The view from the couch is good.
I don't have the time now.
Why start now when I'll be out of the country for 2 weeks?
But these are really just excuses. There's no reason why I can't start now, so I did. After dinner, we finished watching Chuck and I told my husband that afterwards, I was going to exercise. It wasn't easy. It would have been so nice to sit there, watch another show, knit, and put it off until tomorrow. But I got off my butt and did it.
1 min run, 2 min walk x10, or thereabouts.
Wednesday, January 12, 2011
The treadmill workouts were like going from a 5 star restaurant to a family diner. Yes, you can still run, but there is so much less color and interest. Odd, because when I first started running outside, I was so self-conscious and wanted to hide inside. There were flirtations with workout videos and thoughts and plans for other alternatives. But this last couple of weeks I just simply started to move. And with the moving, came the truce.
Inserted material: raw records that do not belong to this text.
lemma aut_invariant_idempotent_invariant:
  assumes aut: "\<And>\<sigma>. rautomorphism R E \<sigma> \<Longrightarrow> \<sigma> ` \<iota>M \<subseteq> \<iota>M"
    and t: "central R t" and t': "central R t'" and tt': "t \<oplus>\<^bsub>R\<^esub> t' \<oplus>\<^bsub>R\<^esub> t \<otimes>\<^bsub>R\<^esub> t' = \<zero>\<^bsub>R\<^esub>"
    and u: "u \<in> carrier R" and tu: "t \<otimes>\<^bsub>R\<^esub> u = \<one>\<^bsub>R\<^esub>"
    and e: "idempotent_endo R E e"
  shows "e ` \<iota>M \<subseteq> \<iota>M"
proof
  fix y assume "y \<in> e ` \<iota>M"
  then obtain x where x: "x \<in> \<iota>M" and y: "y = e x" by blast
  have xE: "x \<in> mcarrier E" and tR: "t \<in> carrier R"
    using x t unfolding central_def by auto
  have eE: "e x \<in> mcarrier E" using e xE unfolding idempotent_endo_def rhom_def by auto
  from subsetD[OF aut[OF E.idempotent_unit_automorphism[OF e t t' tt']] imageI[OF x]]
  have "madd E x (msmult E (e x) t) \<in> \<iota>M" by simp
  then have "madd E (mneg E x) (madd E x (msmult E (e x) t)) \<in> \<iota>M"
    by (rule E.submodule_add[OF \<iota>M_submodule E.submodule_neg[OF \<iota>M_submodule x]])
  then have "msmult E (e x) t \<in> \<iota>M" using xE eE tR by simp
  then have "msmult E (msmult E (e x) t) u \<in> \<iota>M" by (rule E.submodule_smult[OF \<iota>M_submodule _ u])
  moreover have "msmult E (msmult E (e x) t) u = e x"
    using eE tR u tu E.smult_assoc[of "e x" t u] by simp
  ultimately show "y \<in> \<iota>M" using y by simp
qed

lemma invariant_idempotent_decomposition:
  assumes e: "idempotent_endo R E e" and inv: "e ` \<iota>M \<subseteq> \<iota>M"
  defines "A \<equiv> {m \<in> mcarrier M. e (\<iota> m) = \<iota> m}" and "B \<equiv> {m \<in> mcarrier M. e (\<iota> m) = mzero E}"
  shows "rsubmodule R M A" "rsubmodule R M B" "A \<inter> B = {mzero M}"
    "{madd M a b | a b. a \<in> A \<and> b \<in> B} = mcarrier M"
proof -
  have e_hom: "rhom R E E e" and idem: "\<And>x. x \<in> mcarrier E \<Longrightarrow> e (e x) = e x"
    using e unfolding idempotent_endo_def by auto
  interpret e: module_hom R E E e by (intro module_homI E.right_module e_hom)
  interpret fixed: module_hom R M E "\<lambda>m. madd E (e (\<iota> m)) (mneg E (\<iota> m))"
    by (intro module_homI M.right_module E.right_module rhom_diff rhom_comp[OF \<iota>.hom e_hom] \<iota>.hom)
  interpret killed: module_hom R M E "\<lambda>m. e (\<iota> m)"
    by (intro module_homI M.right_module E.right_module rhom_comp[OF \<iota>.hom e_hom])
  have "A = {m \<in> mcarrier M. madd E (e (\<iota> m)) (mneg E (\<iota> m)) = mzero E}"
    unfolding A_def using E.diff_eq_zero_iff by auto
  then show A: "rsubmodule R M A" using fixed.kernel_submodule by simp
  show B: "rsubmodule R M B" unfolding B_def by (rule killed.kernel_submodule)
  show "A \<inter> B = {mzero M}"
  proof
    show "A \<inter> B \<subseteq> {mzero M}"
    proof
      fix m assume "m \<in> A \<inter> B"
      then have "m \<in> mcarrier M" "\<iota> m = mzero E" unfolding A_def B_def by auto
      then show "m \<in> {mzero M}" using \<iota>_eq_zero_iff by simp
    qed
    show "{mzero M} \<subseteq> A \<inter> B" using M.submodule_zero[OF A] M.submodule_zero[OF B] by blast
  qed
  show "{madd M a b | a b. a \<in> A \<and> b \<in> B} = mcarrier M"
  proof
    show "{madd M a b | a b. a \<in> A \<and> b \<in> B} \<subseteq> mcarrier M"
      using M.submodule_mem[OF A] M.submodule_mem[OF B] by blast
  next
    show "mcarrier M \<subseteq> {madd M a b | a b. a \<in> A \<and> b \<in> B}"
    proof
      fix m assume m: "m \<in> mcarrier M"
      have "e (\<iota> m) \<in> \<iota>M" using subsetD[OF inv imageI[OF imageI[OF m]]] .
      then obtain a where a: "a \<in> mcarrier M" "\<iota> a = e (\<iota> m)" by (metis imageE)
      have "a \<in> A" unfolding A_def using a idem m by simp
      moreover have "madd M m (mneg M a) \<in> B"
        using a m idem unfolding B_def by (simp add: \<iota>.hom_diff e.hom_diff)
      moreover have "m = madd M a (madd M m (mneg M a))"
        using a m by (simp add: M.add_comm[of m])
      ultimately show "m \<in> {madd M a b | a b. a \<in> A \<and> b \<in> B}" by blast
    qed
  qed
qed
Just 10 minutes of jump roping, that's all. And in the upstairs hallway, where no lights could be hit or things broken. Believe it or not, sometimes I'd sweat or get out of breath rather easily. I used to be so good at jump rope, could do 100 and be just fine. Now, I find myself tripping up quickly. But it was movement and it felt good.
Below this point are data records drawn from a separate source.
(* Let $\mathcal{A}$ be a central arrangement of rank $r$ and let $\pi=(\pi_1,\ldots,\pi_r)$ be a factorization of $\mathcal{A}$. Suppose $Z\in L(\mathcal{A})$ is modular of rank $r-1$ with $\pi_1=\mathcal{A}\setminus\mathcal{A}_Z$. Then every $H\in\pi_1$ is distinguished with respect to $\pi$. In particular, for $H_0\in\pi_1$ with triple $(\mathcal{A},\mathcal{A}',\mathcal{A}'')$, the restriction map $\mathrm{R}:\mathcal{A}_Z\to\mathcal{A}''$, $H\mapsto H\cap H_0$, is bijective.
   Context: A central arrangement is a finite set of linear hyperplanes in $V=\mathbb{K}^\ell$ ($\mathbb{K}$ a field); its rank is the codimension of the intersection of all its members. $L(\mathcal{A})$ is the set of intersections of subsets of $\mathcal{A}$ ($V$ included), with rank $r(X)=\operatorname{codim}X$; $\mathcal{A}_X=\{H\in\mathcal{A}\mid X\subseteq H\}$. $X\in L(\mathcal{A})$ is modular if $X+Y\in L(\mathcal{A})$ for all $Y\in L(\mathcal{A})$. A partition $\pi=(\pi_1,\ldots,\pi_s)$ is a factorization (nice) if it is independent (for every choice $H_i\in\pi_i$, $\operatorname{codim}(H_1\cap\cdots\cap H_s)=s$) and for every $X\in L(\mathcal{A})\setminus\{V\}$ some non-empty set $\pi_i\cap\mathcal{A}_X$ is a singleton. For $H_0\in\pi_1$ the triple is $\mathcal{A}'=\mathcal{A}\setminus\{H_0\}$, $\mathcal{A}''=\{H_0\cap H\mid H\in\mathcal{A}'\}$; $H_0$ is distinguished with respect to $\pi$ if the non-empty sets $\pi_i\cap\mathcal{A}'$ form a factorization of $\mathcal{A}'$. *)

theory Defs
  imports Complex_Main "HOL-Library.Function_Algebras"
begin

text \<open>The ambient space V = K^l is modelled as functions 'n \<Rightarrow> 'a with 'n finite
 (l = CARD('n)) and 'a a field, with pointwise scalar multiplication.\<close>

definition vscale :: "'a::field \<Rightarrow> ('n \<Rightarrow> 'a) \<Rightarrow> ('n \<Rightarrow> 'a)" where
  "vscale c x = (\<lambda>i. c * x i)"

lemma vscale_vector_space: "vector_space (vscale :: 'a::field \<Rightarrow> ('n \<Rightarrow> 'a) \<Rightarrow> _)"
  by unfold_locales (auto simp: vscale_def algebra_simps fun_eq_iff)

definition codim :: "('n::finite \<Rightarrow> 'a::field) set \<Rightarrow> nat" where
  "codim X = card (UNIV :: 'n set) - vector_space.dim (vscale :: 'a \<Rightarrow> ('n \<Rightarrow> 'a) \<Rightarrow> _) X"

definition lin_hyperplane :: "('n::finite \<Rightarrow> 'a::field) set \<Rightarrow> bool" where
  "lin_hyperplane H \<longleftrightarrow> (\<exists>c. c \<noteq> 0 \<and> H = {x. (\<Sum>i\<in>UNIV. c i * x i) = 0})"

definition central_arrangement :: "('n::finite \<Rightarrow> 'a::field) set set \<Rightarrow> bool" where
  "central_arrangement A \<longleftrightarrow> finite A \<and> (\<forall>H\<in>A. lin_hyperplane H)"

text \<open>Intersection lattice; the empty intersection is V.\<close>
definition lattice_L :: "('n::finite \<Rightarrow> 'a::field) set set \<Rightarrow> ('n \<Rightarrow> 'a) set set" where
  "lattice_L A = {\<Inter>B | B. B \<subseteq> A}"

definition arr_rank :: "('n::finite \<Rightarrow> 'a::field) set set \<Rightarrow> nat" where
  "arr_rank A = codim (\<Inter>A)"

definition loc :: "('n::finite \<Rightarrow> 'a::field) set set \<Rightarrow> ('n \<Rightarrow> 'a) set \<Rightarrow> ('n \<Rightarrow> 'a) set set" where
  "loc A X = {H \<in> A. X \<subseteq> H}"

definition subspace_sum :: "('n \<Rightarrow> 'a::field) set \<Rightarrow> ('n \<Rightarrow> 'a) set \<Rightarrow> ('n \<Rightarrow> 'a) set" where
  "subspace_sum X Y = {x + y | x y. x \<in> X \<and> y \<in> Y}"

definition modular :: "('n::finite \<Rightarrow> 'a::field) set set \<Rightarrow> ('n \<Rightarrow> 'a) set \<Rightarrow> bool" where
  "modular A X \<longleftrightarrow> X \<in> lattice_L A \<and> (\<forall>Y\<in>lattice_L A. subspace_sum X Y \<in> lattice_L A)"

definition is_partition :: "'b set \<Rightarrow> 'b set list \<Rightarrow> bool" where
  "is_partition A ps \<longleftrightarrow> (\<forall>i<length ps. ps ! i \<noteq> {}) \<and>
     (\<forall>i<length ps. \<forall>j<length ps. i \<noteq> j \<longrightarrow> ps ! i \<inter> ps ! j = {}) \<and> \<Union>(set ps) = A"

definition independent_part :: "('n::finite \<Rightarrow> 'a::field) set set list \<Rightarrow> bool" where
  "independent_part ps \<longleftrightarrow>
     (\<forall>Hs. (\<forall>i<length ps. Hs i \<in> ps ! i) \<longrightarrow> codim (\<Inter>i\<in>{..<length ps}. Hs i) = length ps)"

definition factorization :: "('n::finite \<Rightarrow> 'a::field) set set \<Rightarrow> ('n \<Rightarrow> 'a) set set list \<Rightarrow> bool" where
  "factorization A ps \<longleftrightarrow> is_partition A ps \<and> independent_part ps \<and>
     (\<forall>X\<in>lattice_L A - {UNIV}. \<exists>i<length ps. card (ps ! i \<inter> loc A X) = 1)"

definition distinguished :: "('n::finite \<Rightarrow> 'a::field) set set \<Rightarrow> ('n \<Rightarrow> 'a) set set list \<Rightarrow> ('n \<Rightarrow> 'a) set \<Rightarrow> bool" where
  "distinguished A ps H0 \<longleftrightarrow>
     factorization (A - {H0}) (filter (\<lambda>b. b \<noteq> {}) (map (\<lambda>b. b - {H0}) ps))"

definition restr_arr :: "('n::finite \<Rightarrow> 'a::field) set set \<Rightarrow> ('n \<Rightarrow> 'a) set \<Rightarrow> ('n \<Rightarrow> 'a) set set" where
  "restr_arr A H0 = {H0 \<inter> H | H. H \<in> A - {H0}}"

end

theory Submission
  imports Defs "HOL-Library.Cardinality"
begin

text \<open>
  Let \<open>P = A - A\<^sub>Z\<close> be the first block and \<open>H\<^sub>0 \<in> P\<close>. Deleting \<open>H\<^sub>0\<close> can only spoil the
  singleton condition at a flat \<open>X\<close> with \<open>P \<inter> A\<^sub>X = {H\<^sub>0}\<close>; but such an \<open>X\<close> is cut out by
  hyperplanes through \<open>Z\<close>, whence \<open>Z \<subseteq> X \<subseteq> H\<^sub>0\<close>, which is absurd. Independence is inherited,
  except when \<open>P = {H\<^sub>0}\<close>: then the remaining blocks lie in \<open>A\<^sub>Z\<close>, and \<open>codim Z = r - 1\<close>
  squeezes the codimension of their intersections to \<open>r - 1\<close>.

  Two hyperplanes through \<open>Z\<close> with the same trace on \<open>H\<^sub>0\<close> would meet exactly in that trace,
  which would then contain \<open>Z\<close>; so restriction is injective. For surjectivity, given
  \<open>H \<in> A - {H\<^sub>0}\<close>, modularity makes \<open>Z + (H \<inter> H\<^sub>0)\<close> a flat, and since \<open>Z \<inter> H\<^sub>0\<close> already has
  the dimension of the centre \<open>\<Inter>A\<close>, a dimension count shows that this flat is a hyperplane
  through \<open>Z\<close> whose trace on \<open>H\<^sub>0\<close> is \<open>H \<inter> H\<^sub>0\<close>.
\<close>

lemma sum_apply: "(\<Sum>i\<in>S. f i) x = (\<Sum>i\<in>S. f i x)"
  by (induction S rule: infinite_finite_induct) auto

definition std_basis :: "('n::finite \<Rightarrow> 'a::field) set" where
  "std_basis = range (\<lambda>i j. if j = i then 1 else 0)"

lemma independent_std_basis: "\<not> module.dependent vscale (std_basis :: ('n::finite \<Rightarrow> 'a::field) set)"
proof -
  interpret V: vector_space "vscale :: 'a \<Rightarrow> ('n \<Rightarrow> 'a) \<Rightarrow> _" by (rule vscale_vector_space)
  show ?thesis
    unfolding V.dependent_def
  proof
    assume "\<exists>e\<in>std_basis. e \<in> V.span (std_basis - {e})"
    then obtain i where i: "(\<lambda>j. if j = i then 1 else 0) \<in> V.span (std_basis - {\<lambda>j. if j = i then (1::'a) else 0})"
      unfolding std_basis_def by auto
    have "V.subspace {x::'n\<Rightarrow>'a. x i = 0}"
      by (auto simp: V.subspace_def vscale_def)
    moreover have "std_basis - {\<lambda>j. if j = i then (1::'a) else 0} \<subseteq> {x. x i = 0}"
      by (auto simp: std_basis_def fun_eq_iff)
    ultimately have "V.span (std_basis - {\<lambda>j. if j = i then (1::'a) else 0}) \<subseteq> {x. x i = 0}"
      using V.span_minimal by blast
    with i show False by auto
  qed
qed

lemma span_std_basis: "module.span vscale (std_basis :: ('n::finite \<Rightarrow> 'a::field) set) = UNIV"
proof -
  interpret V: vector_space "vscale :: 'a \<Rightarrow> ('n \<Rightarrow> 'a) \<Rightarrow> _" by (rule vscale_vector_space)
  have "x \<in> V.span std_basis" for x :: "'n \<Rightarrow> 'a"
  proof -
    have "x = (\<Sum>i\<in>UNIV. vscale (x i) (\<lambda>j. if j = i then 1 else 0))"
      by (auto simp: fun_eq_iff vscale_def sum_apply if_distrib cong: if_cong)
    also have "\<dots> \<in> V.span std_basis"
      by (intro V.span_sum V.span_scale V.span_base) (auto simp: std_basis_def)
    finally show ?thesis .
  qed
  then show ?thesis by auto
qed

interpretation V: finite_dimensional_vector_space "vscale :: 'a::field \<Rightarrow> ('n::finite \<Rightarrow> 'a) \<Rightarrow> _" std_basis
  by (rule finite_dimensional_vector_space.intro[OF vscale_vector_space])
    (unfold_locales, simp add: std_basis_def, use independent_std_basis in blast, use span_std_basis in blast)

lemma card_std_basis [simp]: "card (std_basis :: ('n::finite \<Rightarrow> 'a::field) set) = CARD('n)"
  unfolding std_basis_def by (rule card_image) (auto simp: inj_on_def fun_eq_iff split: if_splits)

lemma dim_UNIV_fun: "V.dim (UNIV :: ('n::finite \<Rightarrow> 'a::field) set) = CARD('n)"
  by simp

lemma dim_le_card: "V.dim (X :: ('n::finite \<Rightarrow> 'a::field) set) \<le> CARD('n)"
  using V.dim_subset[of X UNIV] by simp

lemma subspace_eq_UNIV_if_dim:
  assumes "V.subspace (W :: ('n::finite \<Rightarrow> 'a::field) set)" "CARD('n) \<le> V.dim W"
  shows "W = UNIV"
  using V.subspace_dim_equal[OF assms(1) V.subspace_UNIV subset_UNIV] assms(2) by simp

lemma subspace_hyperplane:
  assumes "lin_hyperplane (H :: ('n::finite \<Rightarrow> 'a::field) set)"
  shows "V.subspace H"
proof -
  obtain c where H: "H = {x. (\<Sum>i\<in>UNIV. c i * x i) = 0}" using assms lin_hyperplane_def by blast
  show ?thesis unfolding H V.subspace_def
    by (auto simp: vscale_def distrib_left sum.distrib mult.left_commute[of "c _"] sum_distrib_left[symmetric])
qed

lemma dim_hyperplane:
  assumes "lin_hyperplane (H :: ('n::finite \<Rightarrow> 'a::field) set)"
  shows "V.dim H + 1 = CARD('n)"
proof -
  obtain c where "c \<noteq> 0" and H: "H = {x. (\<Sum>i\<in>UNIV. c i * x i) = 0}"
    using assms lin_hyperplane_def by blast
  then obtain i where ci: "c i \<noteq> 0" by (auto simp: fun_eq_iff)
  define v :: "'n \<Rightarrow> 'a" where "v = (\<lambda>j. if j = i then 1 else 0)"
  define f where "f = (\<lambda>x::'n\<Rightarrow>'a. \<Sum>j\<in>UNIV. c j * x j)"
  have "f v = c i" by (simp add: f_def v_def if_distrib cong: if_cong)
  then have f_shift: "f (x - vscale t v) = f x - t * c i" for x t
    by (simp add: f_def vscale_def algebra_simps sum_subtractf sum_distrib_left[symmetric])
  have "v \<noteq> 0" by (auto simp: v_def fun_eq_iff)
  \<comment> \<open>\<open>v\<close> spans a complement of \<open>H\<close>, since \<open>f\<close> does not vanish on it\<close>
  have sum_UNIV: "{x + y |x y. x \<in> H \<and> y \<in> V.span {v}} = UNIV"
  proof (intro antisym subset_UNIV subsetI CollectI)
    fix x :: "'n \<Rightarrow> 'a"
    define t where "t = f x / c i"
    have "x - vscale t v \<in> H" using f_shift[of x t] ci unfolding H t_def by (simp add: f_def)
    moreover have "vscale t v \<in> V.span {v}" by (intro V.span_scale V.span_base) simp
    ultimately show "\<exists>a b. x = a + b \<and> a \<in> H \<and> b \<in> V.span {v}"
      by (intro exI[of _ "x - vscale t v"] exI[of _ "vscale t v"]) simp
  qed
  have "H \<inter> V.span {v} \<subseteq> {0}"
  proof
    fix y assume y: "y \<in> H \<inter> V.span {v}"
    then obtain t where t: "y = vscale t v" by (auto simp: V.span_singleton)
    have "f y = t * c i" using f_shift[of 0 t] by (simp add: t f_def sum_negf)
    moreover have "f y = 0" using y by (simp add: H f_def)
    ultimately show "y \<in> {0}" using ci by (simp add: t vscale_def fun_eq_iff)
  qed
  then have "V.dim (H \<inter> V.span {v}) = 0" using V.dim_eq_0 by blast
  moreover have "V.dim (V.span {v}) = 1" using \<open>v \<noteq> 0\<close> by simp
  moreover have "V.dim (UNIV :: ('n \<Rightarrow> 'a) set) = CARD('n)" by simp
  ultimately show ?thesis
    using V.dim_sums_Int[OF subspace_hyperplane[OF assms] V.subspace_span[of "{v}"]]
    unfolding sum_UNIV by linarith
qed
This week, I've been tromping through the snow with my dog. Since I take him out at least 2 times (my hubby the other) I've been lacing up my snow boots. The snow is knee deep in places and there are layers of soft snow, crunchy snow, and all measures in between. We've made a track of sorts, breaking trails and tromping down unusual places. Just 2-3 laps at a time and I am slightly winded.
Let the snow fall!
I will tromp it down.
Let the cold winds blow!
I will jump inside
Let the winter be over soon
And I will run again.
- Get back into running starting February 28th
- Run a 5K - no walking in Sept or Oct
- Weigh less than 200 #’s by the end of the year
I will do this by:
- Following Amby Burfoot’s running plan
- Working out 3 x’s a week minimum
- Changing 1 thing in my diet each month for the better
Thursday, January 6, 2011
The issues that my heart is breaking for are for the women in third world countries. These women are infants or even in the womb, are treated as much less than equals. In the worst or sometimes best of circumstances, many girls and women find themselves as modern slaves, and most of them in the sex trade.
For many years, I have known this, yet turned my eyes away. If I couldn't see it anymore, it didn't exist in my world. Yes, I did feel bad and wondered if there were things to be done about it. But someone else was taking care of such injustice, surely.
Because this is the injustice that God spoke about. To care for widows and orphans in their distress. Jesus commanded us to do this, but what have I done to obey? Sent caring thoughts and sometimes money and then conveniently forgot.
But now, I am looking this injustice in the face and beginning to see it. It is horrible, but there is hope.
When I was reading the book, "Half the Sky," there were statistics about the Asian countries and the girls who were slaves. It suddenly hit me - that could have been me. I was an orphan in an Asian country. Were some of these women my sisters, my cousins, my aunts, and now my nieces? Was I born and taken away for such a time as this - to help them in their distress?
I don't know the answers to these questions. But I lay the burden of this at Jesus' feet. And perhaps he can show me what can be done, because I AM SURE and willing to help. My burden has become a promise.
No, I am not running!
Yes, I do feel a bit guilty about that.
No, I am not giving up totally.
After the 5k, I ran some and then when daylight savings hit, I was constantly tired and sleepy. My perfectionist mode kicked in that said, "if I can't get up early 3 mornings a week, then it's not really running."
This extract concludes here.